### Your objective
Return the lines below that contain "with".

═══ Material for the task

theory Submission
  imports Defs "HOL-Combinatorics.Permutations"
begin

text \<open>In a Selberg book each non-diagonal cell \<open>c\<close> is compared only with diagonal cells, so the
  constraints just say that its entry lies in one of the gaps between consecutive diagonal entries,
  with gap index in an interval \<open>[lo c, hi c]\<close>.  Sorting the books by the resulting gap assignment
  \<open>\<gamma>\<close>, the diagonal entries are forced, the \<open>g\<close>-th gap has length \<open>d g = #{c. \<gamma> c = g}\<close>, and the
  cells of each gap can be filled in any of \<open>d g!\<close> orders.  So the exponential generating function
  is \<open>\<Sum>\<^sub>\<gamma> \<Prod>\<^sub>c t (\<gamma> c) = \<Prod>\<^sub>c (t (lo c) + \<dots> + t (hi c))\<close>, and multiplying this out over the cells of
  the staircases gives the stated product.\<close>

lemma card_bij_betw_PiE:
  assumes "finite A" "finite B" "card A = card B"
  shows "card {f \<in> A \<rightarrow>\<^sub>E B. bij_betw f A B} = fact (card A)"
proof -
  obtain h where h: "bij_betw h B A"
    using finite_same_card_bij[OF assms(2,1)] assms(3) by metis
  have "bij_betw (\<lambda>f x. if x \<in> A then h (f x) else x)
          {f \<in> A \<rightarrow>\<^sub>E B. bij_betw f A B} {p. p permutes A}"
  proof (rule bij_betw_byWitness[where f' = "\<lambda>p. restrict (inv_into B h \<circ> p) A"])
    show "\<forall>f\<in>{f \<in> A \<rightarrow>\<^sub>E B. bij_betw f A B}. restrict (inv_into B h \<circ> (\<lambda>x. if x \<in> A then h (f x) else x)) A = f"
      using h by (auto simp: fun_eq_iff PiE_def extensional_def bij_betw_def inv_into_f_f Pi_iff)
    show "\<forall>p\<in>{p. p permutes A}. (\<lambda>x. if x \<in> A then h (restrict (inv_into B h \<circ> p) A x) else x) = p"
      using h by (auto simp: fun_eq_iff permutes_not_in permutes_in_image bij_betw_inv_into_right)
    show "(\<lambda>f x. if x \<in> A then h (f x) else x) ` {f \<in> A \<rightarrow>\<^sub>E B. bij_betw f A B} \<subseteq> {p. p permutes A}"
    proof clarify
      fix f assume f: "f \<in> A \<rightarrow>\<^sub>E B" "bij_betw f A B"
      have "bij_betw (h \<circ> f) A A"
        using bij_betw_trans[OF f(2) h] .
      then have "bij_betw (\<lambda>x. if x \<in> A then h (f x) else x) A A"
        by (rule bij_betw_cong[THEN iffD1, rotated]) simp
      then show "(\<lambda>x. if x \<in> A then h (f x) else x) permutes A"
        by (auto simp: permutes_altdef)
    qed
    show "(\<lambda>p. restrict (inv_into B h \<circ> p) A) ` {p. p permutes A} \<subseteq> {f \<in> A \<rightarrow>\<^sub>E B. bij_betw f A B}"
    proof clarify
      fix p assume "p permutes A"
      then have b: "bij_betw (inv_into B h \<circ> p) A B"
        using bij_betw_trans[OF permutes_imp_bij bij_betw_inv_into[OF h]] by blast
      then have "bij_betw (restrict (inv_into B h \<circ> p) A) A B"
        by (rule bij_betw_cong[THEN iffD1, rotated]) simp
      moreover have "restrict (inv_into B h \<circ> p) A \<in> A \<rightarrow>\<^sub>E B"
        using bij_betwE[OF b] by auto
      ultimately show "restrict (inv_into B h \<circ> p) A \<in> A \<rightarrow>\<^sub>E B \<and> bij_betw (restrict (inv_into B h \<circ> p) A) A B"
        by blast
    qed
  qed
  then have "card {f \<in> A \<rightarrow>\<^sub>E B. bij_betw f A B} = card {p. p permutes A}"
    by (rule bij_betw_same_card)
  then show ?thesis
    using card_permutations[OF refl assms(1)] by simp
qed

══════

### Task output
text \<open>In a Selberg book each non-diagonal cell \<open>c\<close> is compared only with diagonal cells, so the
  with gap index in an interval \<open>[lo c, hi c]\<close>.  Sorting the books by the resulting gap assignment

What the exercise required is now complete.